1.  **Server Startup (`main.py`):**
    *   Application starts, CLI arguments are parsed.
    *   Configuration is loaded (environment variables + CLI args).
    *   Logging is initialized.
    *   The GroundX metadata cache is initialized, and an initial population attempt might occur.
    *   A background task for periodic cache refresh is started if configured.
    *   A `FastMCP` instance is created.
    *   Tools are discovered and registered with the server.
    *   The chosen transport (STDIO or HTTP) is initialized and started.
    *   The server begins listening for incoming MCP requests.

2.  **MCP Request Handling (FastMCP & `server.py`):**
    *   The transport layer receives an incoming request (JSON-RPC 2.0 format).
    *   FastMCP parses the request and identifies the target tool method (e.g., `groundx/searchDocuments`).
    *   FastMCP invokes the corresponding registered handler function.

3.  **Tool Execution (e.g., `tools/groundx.py`):**
    *   The tool handler function receives parameters from the request.
    *   It may interact with the `cache.py` to get cached data (like GroundX project/bucket IDs).
    *   It uses the `groundx` Python SDK to make API calls to the GroundX service, using the configured API key.
    *   It processes the response from GroundX.
    *   It returns a result (or an error) that FastMCP will format into a JSON-RPC 2.0 response.

4.  **MCP Response (FastMCP):**
    *   FastMCP sends the JSON-RPC response back to the client via the active transport.

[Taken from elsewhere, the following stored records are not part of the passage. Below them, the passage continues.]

theorem proposition8p4:
  fixes B :: "('b, 'm) monoid_scheme" and C :: "('c, 'n) monoid_scheme"
    and phi :: "'c \<Rightarrow> 'b \<Rightarrow> 'b" and psi :: "'b \<Rightarrow> 'c \<Rightarrow> 'c"
  assumes "group B" and "comm_group C"
    and "aut_action C B phi" and "aut_action B C psi"
    and "\<And>b c x. b \<in> carrier B \<Longrightarrow> c \<in> carrier C \<Longrightarrow> x \<in> carrier B \<Longrightarrow> phi (psi b c) x = phi c x"
  shows "meta_trivial B C phi psi \<longleftrightarrow>
    (\<forall>b1\<in>carrier B. \<forall>b2\<in>carrier B. \<forall>c1\<in>carrier C. \<forall>c2\<in>carrier C.
       psi (phi c1 b1 \<otimes>\<^bsub>B\<^esub> inv\<^bsub>B\<^esub> b1) (psi b2 c2 \<otimes>\<^bsub>C\<^esub> inv\<^bsub>C\<^esub> c2)
         = psi b2 c2 \<otimes>\<^bsub>C\<^esub> inv\<^bsub>C\<^esub> c2)"
proof -
  interpret matched_actions B C phi psi
    using assms by (simp add: matched_actions_def matched_actions_axioms_def aut_group_action_def
        aut_group_action_axioms_def comm_group.axioms(2))
  show ?thesis
    using meta_trivial_imp_psi_fixes psi_fixes_imp_meta_trivial by blast
qed

end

5.  **Cache Refresh (`cache.py`):**
    *   Periodically or upon manual request, the cache refresh function is called.
    *   This function makes API calls to GroundX (e.g., to list projects and buckets) and updates the in-memory cache.
    *   This ensures that tools have access to relatively up-to-date metadata without querying GroundX on every request.

## Type Annotations

GXtract makes extensive use of Python's type annotation features:

*   Using `TypedDict` to define structured response and parameter types
*   Leveraging Python 3.12's pipe operator (`|`) for Union types (e.g., `str | None`)
*   Importing from `collections.abc` instead of `collections` for abstract types
*   Strict type checking with `mypy` to ensure type safety

## Error Handling

*   FastMCP provides mechanisms for returning JSON-RPC errors.
*   Tools should catch exceptions (e.g., from the `groundx` SDK or internal errors) and can return appropriate MCP error responses.
*   Configuration errors (e.g., missing API key) are typically checked at startup, and the server may exit with an informative message.
*   Logging is used to record errors and operational details.

## Scalability and Maintainability

*   **Modularity:** Tools are separated into their own modules, making it easier to add new tools or modify existing ones.
*   **Configuration:** Centralized configuration in `config.py` and `main.py` makes it easy to manage settings.
*   **Asynchronous Design:** Improves scalability by allowing efficient handling of concurrent operations.
*   **Caching:** Reduces load on external services and improves response times for common metadata lookups.
*   **Dependency Management:** UV and `pyproject.toml` ensure reproducible builds and clear dependency tracking.

This architecture aims to provide a robust, performant, and maintainable MCP server for interacting with GroundX and potentially other future services.